Our life experiences depend upon our constant struggles for gaining truer understanding of both the freedom from something, and the freedom to something. And these require our innermost capacity to reach great heights without fear of failure. Although such destinations may appear to be elusive, we find our refuges, our consolations so to speak, in the force and deep resonances of works of art, which at their best bring together all three aspects of what Plato saw in the human soul. As Hippolyte Taine put it: “Beneath every work of literature there is a philosophy. Beneath every work of art is an idea of nature and of life.”

If artists have the freedom to create in the most willful and open-minded manner, it also means that they have, in their both specific and general alchemy, the capacity to understand and value the contemporaneity of their work. Just as they perceive their art to be profoundly related to all that came from the past, they’re also capable of absorbing all the complex issues of their own time and of turning them into mediated images, each in his or her own way expressing their intrinsic values as human beings responding to complex wonders of the human condition. Artists stand as a bulwark against the global rise of the politics of resentment, which undermines liberal democracy by failing to tolerate divergent views. In their works, artists create fertile grounds in which human freedom can thrive, rooted always in the individual rather than in institutions, churches, or national states. While each artist may undertake their journey differently in relation to their awareness of Plato’s chariot allegory and Nietzsche’s metamorphoses of the spirit—they, as their own masters, are driven to make their work from inner necessity, a condition that embraces both feeling and thought, held together by the embracing unity of freedom. And yet, at the same time that each work of art is a creation of the artist’s individual impulses, guided by their own idiosyncratic ideals of truth, a sense of the kind of broad awareness that contains openness to self-correction is also inherently implied in the creation of any work of art.
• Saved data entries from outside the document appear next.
lemma omega_explicit_solves:
  assumes "0 < a" "a < 1" "i \<le> N"
  shows "kernel_up a N (omega_explicit a N) i = 1"
proof -
  define w c0 c1 where "w = -1 / a" and "c0 = 2 * (1 - a) / (1 + a)" and "c1 = 4 * a * (-a)^N / (1 + a)"
  have aw: "a * w = -1" using assms by (simp add: w_def)
  have c1w: "c1 * w^(N+1) = -4 / (1 + a)"
    using omega_mode_boundary[OF assms(1)] by (simp add: c1_def w_def)
  have up_1: "kernel_up a N (\<lambda>j. 1^j) i = up_symbol a 1 - a^(N-i+1) / (1 - a)"
    using kernel_up_power[of a 1 i N] assms by simp
  have "up_symbol a w = 0" using aw by (simp add: up_symbol_def)
  then have up_w: "kernel_up a N (\<lambda>j. w^j) i = - (a^(N-i+1) * w^(N+1) / 2)"
    using kernel_up_power[of a w i N] assms aw by simp
  have "omega_explicit a N = (\<lambda>j. c0 * 1^j + c1 * w^j)"
    by (simp add: fun_eq_iff omega_explicit_def w_def c0_def c1_def)
  then have "kernel_up a N (omega_explicit a N) i
      = c0 * kernel_up a N (\<lambda>j. 1^j) i + c1 * kernel_up a N (\<lambda>j. w^j) i"
    by (simp only: kernel_up_add kernel_up_scale)
  also have "\<dots> = c0 * up_symbol a 1 - a^(N-i+1) * (c0 / (1 - a) + c1 * w^(N+1) / 2)"
    unfolding up_1 up_w by (simp add: algebra_simps)
  also have "\<dots> = 1"
  proof -
    have "c0 * up_symbol a 1 = 1"
      using assms by (simp add: c0_def up_symbol_one)
    moreover have "c0 / (1 - a) = 2 / (1 + a)"
      using assms unfolding c0_def
      by (metis divide_divide_eq_left mult.commute nonzero_mult_divide_mult_cancel_right
          times_divide_eq_right less_irrefl right_minus_eq)
    then have "c0 / (1 - a) + c1 * w^(N+1) / 2 = 0"
      unfolding c1w using assms by (simp add: field_simps)
    ultimately show ?thesis by simp
  qed
  finally show ?thesis .
qed

lemma Gamma_plus_GammaT_eq: "Gamma rho T N + GammaT rho T N
    = GammaT rho T N + transpose_mat (GammaT rho T N) + GammaT rho T N"
  by (simp add: Gamma_def)

lemma Gamma_minus_GammaT_eq: "Gamma rho T N - GammaT rho T N = transpose_mat (GammaT rho T N)"
  by (rule eq_matI) (simp_all add: Gamma_def GammaT_def)

lemma Gamma_plus_GammaT_mult_vec:
  "(Gamma rho T N + GammaT rho T N) *\<^sub>v vec (N+1) f =
     vec (N+1) (\<lambda>i. 2 * kernel_low (decay (rho*T) N) f i + kernel_up (decay (rho*T) N) N f i)"
proof -
  let ?A = "GammaT rho T N" and ?v = "vec (N+1) f"
  have "(Gamma rho T N + ?A) *\<^sub>v ?v = ?A *\<^sub>v ?v + transpose_mat ?A *\<^sub>v ?v + ?A *\<^sub>v ?v"
    unfolding Gamma_plus_GammaT_eq using GammaT_carrier
    by (simp add: add_mult_distrib_mat_vec[of _ "N+1" "N+1"])
  then show ?thesis
    unfolding GammaT_mult_vec transpose_GammaT_mult_vec by (auto intro!: eq_vecI)
qed

lemma Gamma_plus_GammaT_nu_explicit:
  assumes "rho > 0" "T > 0" "N > 0"
  shows "(Gamma rho T N + GammaT rho T N) *\<^sub>v vec (N+1) (nu_explicit (decay (rho*T) N) N)
           = vec (N+1) (\<lambda>_. 1)"
  unfolding Gamma_plus_GammaT_mult_vec using nu_explicit_solves decay_pos decay_less_one assms
  by (auto intro!: eq_vecI)

lemma transpose_GammaT_omega_explicit:
  assumes "rho > 0" "T > 0" "N > 0"
  shows "transpose_mat (GammaT rho T N) *\<^sub>v vec (N+1) (omega_explicit (decay (rho*T) N) N)
           = vec (N+1) (\<lambda>_. 1)"
  unfolding transpose_GammaT_mult_vec using omega_explicit_solves decay_pos decay_less_one assms
  by (auto intro!: eq_vecI)

lemma nu_vec_eq:
  assumes "rho > 0" "T > 0" "N > 0"
  shows "nu_vec rho T N = vec (N+1) (nu_explicit (decay (rho*T) N) N)"
  unfolding nu_vec_def
proof (rule mat_inv_mult_vec_eqI[OF _ _ _ Gamma_plus_GammaT_nu_explicit[OF assms]])
  show "Gamma rho T N + GammaT rho T N \<in> carrier_mat (N+1) (N+1)"
    using GammaT_carrier by (simp add: Gamma_def)
  show "v = 0\<^sub>v (N+1)"
    if "v \<in> carrier_vec (N+1)" "(Gamma rho T N + GammaT rho T N) *\<^sub>v v = 0\<^sub>v (N+1)" for v
    using that injective_of_quadratic_form_pos(1)[OF GammaT_carrier GammaT_quadratic_form_pos[OF assms]]
    unfolding Gamma_plus_GammaT_eq by blast
qed simp

lemma omega_vec_eq:
  assumes "rho > 0" "T > 0" "N > 0"
  shows "omega_vec rho T N = vec (N+1) (omega_explicit (decay (rho*T) N) N)"
  unfolding omega_vec_def Gamma_minus_GammaT_eq
proof (rule mat_inv_mult_vec_eqI[OF _ _ _ transpose_GammaT_omega_explicit[OF assms]])
  show "transpose_mat (GammaT rho T N) \<in> carrier_mat (N+1) (N+1)"
    using GammaT_carrier by simp
  show "v = 0\<^sub>v (N+1)"
    if "v \<in> carrier_vec (N+1)" "transpose_mat (GammaT rho T N) *\<^sub>v v = 0\<^sub>v (N+1)" for v
    using that injective_of_quadratic_form_pos(2)[OF GammaT_carrier GammaT_quadratic_form_pos[OF assms]]
    by blast
qed simp

lemma quadratic_forms_eq:
  assumes "rho > 0" "T > 0" "N > 0"
  defines "a \<equiv> decay (rho * T) N"
  shows "nu_vec rho T N \<bullet> (GammaT rho T N *\<^sub>v nu_vec rho T N) = (\<Sum>j\<le>N. nu_explicit a N j) / 3"
    and "omega_vec rho T N \<bullet> ((GammaT rho T N - transpose_mat (GammaT rho T N)) *\<^sub>v nu_vec rho T N)
           = 3 * (\<Sum>j\<le>N. nu_explicit a N j) - (\<Sum>j\<le>N. omega_explicit a N j)"
    and "omega_vec rho T N \<bullet> (GammaT rho T N *\<^sub>v omega_vec rho T N) = (\<Sum>j\<le>N. omega_explicit a N j)"
proof -
  let ?A = "GammaT rho T N" and ?nu = "nu_vec rho T N" and ?om = "omega_vec rho T N"
  let ?one = "vec (N+1) (\<lambda>_. 1) :: real vec"
  have sums: "?nu \<bullet> ?one = (\<Sum>j\<le>N. nu_explicit a N j)" "?om \<bullet> ?one = (\<Sum>j\<le>N. omega_explicit a N j)"
    unfolding nu_vec_eq[OF assms(1-3)] omega_vec_eq[OF assms(1-3)] a_def
    by (simp_all add: scalar_prod_def atLeast0LessThan lessThan_Suc_atMost)
  have carrier: "?nu \<in> carrier_vec (N+1)" "?om \<in> carrier_vec (N+1)"
    by (simp_all add: nu_vec_eq[OF assms(1-3)] omega_vec_eq[OF assms(1-3)])
  have eq_nu: "(?A + transpose_mat ?A + ?A) *\<^sub>v ?nu = ?one"
    unfolding nu_vec_eq[OF assms(1-3)] Gamma_plus_GammaT_eq[symmetric]
    by (rule Gamma_plus_GammaT_nu_explicit[OF assms(1-3)])
  have eq_om: "transpose_mat ?A *\<^sub>v ?om = ?one"
    unfolding omega_vec_eq[OF assms(1-3)] by (rule transpose_GammaT_omega_explicit[OF assms(1-3)])
  show "?nu \<bullet> (?A *\<^sub>v ?nu) = (\<Sum>j\<le>N. nu_explicit a N j) / 3"
    using quadratic_form_of_solution[OF GammaT_carrier carrier(1) eq_nu] sums by simp
  show "?om \<bullet> ((?A - transpose_mat ?A) *\<^sub>v ?nu)
          = 3 * (\<Sum>j\<le>N. nu_explicit a N j) - (\<Sum>j\<le>N. omega_explicit a N j)"
    using skew_form_of_solutions[OF GammaT_carrier carrier eq_nu eq_om] sums by simp
  show "?om \<bullet> (?A *\<^sub>v ?om) = (\<Sum>j\<le>N. omega_explicit a N j)"
    using quadratic_form_of_transpose_solution[OF GammaT_carrier carrier(2) eq_om] sums by simp
qed

section \<open>Sums of the solutions and their limits\<close>

lemma omega_explicit_sum:
  fixes a :: real
  assumes "0 < a"
  shows "(\<Sum>j\<le>N. omega_explicit a N j) = 2 * ((real N + 1) * (1 - a)) / (1 + a)
     + (-4 / (1 + a) - 4 * a * (-a)^N / (1 + a)) / (-1 / a - 1)"
proof -
  let ?w = "-1 / a" and ?c = "4 * a * (-a)^N / (1 + a)"
  have "?w \<noteq> 1" using assms by (simp add: field_simps)
  have "(\<Sum>j\<le>N. omega_explicit a N j) = (real N + 1) * (2 * (1 - a) / (1 + a)) + ?c * (\<Sum>j<N+1. ?w^j)"
    by (simp add: omega_explicit_def sum.distrib sum_distrib_left lessThan_Suc_atMost)
  also have "(\<Sum>j<N+1. ?w^j) = (?w^(N+1) - 1) / (?w - 1)"
    by (rule geometric_sum[OF \<open>?w \<noteq> 1\<close>])
  also have "?c * ((?w^(N+1) - 1) / (?w - 1)) = (-4 / (1 + a) - ?c) / (?w - 1)"
    using omega_mode_boundary[OF assms, of N] by (simp add: right_diff_distrib)
  finally show ?thesis by simp
qed

lemma nu_explicit_sum:
  fixes a :: real and N :: nat
  assumes "0 < a" "a < 1"
  defines "r \<equiv> char_root a" and "q \<equiv> -1 / char_root a" and "u \<equiv> 2 / (3 * (1 + a))"
  defines "gr \<equiv> (r - a) / (1 - a * r) * r^(N+1)" and "gq \<equiv> (q - a) / (1 - a * q) * q^(N+1)"
  shows "(\<Sum>j\<le>N. nu_explicit a N j) = u * ((real N + 1) * (1 - a))
        + u * (gq - 1) / (gr - gq) * ((r - a) / (r - 1)) * (r^(N+1) - 1)
        + u * (1 - gr) / (gr - gq) * ((q - a) / (q - 1)) * (q^(N+1) - 1)"
proof -
  have "r \<noteq> 1" using one_less_char_root[OF assms(1,2)] by (simp add: r_def)
  have "q < 0" using char_root_pos[of a] by (simp add: q_def)
  then have "q \<noteq> 1" by simp
  have gains: "boundary_gain a N r = gr" "boundary_gain a N q = gq"
    by (simp_all add: boundary_gain_def gr_def gq_def)
  have geom: "(\<Sum>j\<le>N. (z - a) * z^j) = (z - a) / (z - 1) * (z^(N+1) - 1)" if "z \<noteq> 1" for z
    using geometric_sum[OF that, of "N+1"] by (simp add: lessThan_Suc_atMost flip: sum_distrib_left)
  have "(\<Sum>j\<le>N. nu_explicit a N j) = (\<Sum>j\<le>N. u * (1 - a))
        + u * (gq - 1) / (gr - gq) * (\<Sum>j\<le>N. (r - a) * r^j)
        + u * (1 - gr) / (gr - gq) * (\<Sum>j\<le>N. (q - a) * q^j)"
    unfolding nu_explicit_def Let_def q_def[symmetric] unfolding r_def[symmetric] u_def[symmetric] gains
    by (simp add: sum.distrib sum_distrib_left)
  then show ?thesis
    using geom[OF \<open>r \<noteq> 1\<close>] geom[OF \<open>q \<noteq> 1\<close>] by (simp add: mult_ac)
qed

lemma decay_tendsto: "(decay x \<longlongrightarrow> 1) sequentially"
  unfolding decay_def by real_asymp

lemma decay_deficit_tendsto: "((\<lambda>N. (real N + 1) * (1 - decay x N)) \<longlongrightarrow> x) sequentially"
  unfolding decay_def by real_asymp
It is in this balance between inner necessity and social awareness that the artist’s freedom can be useful to the survival of liberal democracy.

Onward, upward, in solidarity, with love, courage, and cosmic optimism, as ever,

Phong H. Bui

P.S. This issue is dedicated to the phenomenal lives and works of our beloved and legendary friends, including Paul Auster (1947–2024), Frank Stella (1936–2024), David Shapiro (1947–2024), and Joe Zucker (1941–2024). Just as Paul and David have significantly contributed their highly inventive yet deeply personal writings to our literary world, Frank and Joe have profoundly changed what and how we perceive their art in respect to process, form and matter, hence elevating visual culture to monumental counter-frictions against any kind of oppression. I’d like to send our deepest condolences to Siri Hustvedt, Sophie Auster, Harriet Stella, Lindsay Stamm, Britta Le Va, the immediate members of their families, and respective friends and admirers across the world. I’d like to thank our brilliant editor of the poetry section for seventeen years Anselm Berrigan, for his unmatched contribution to our living organism, especially when Anselm famously hosted the weekly reading on our NSE for eighty-nine episodes, making our art of joining through poetry evermore prescient and accessible. Lastly, I’d like to welcome Erica Hunt, who will succeed Anselm to inaugurate our new year-long rotating editorship.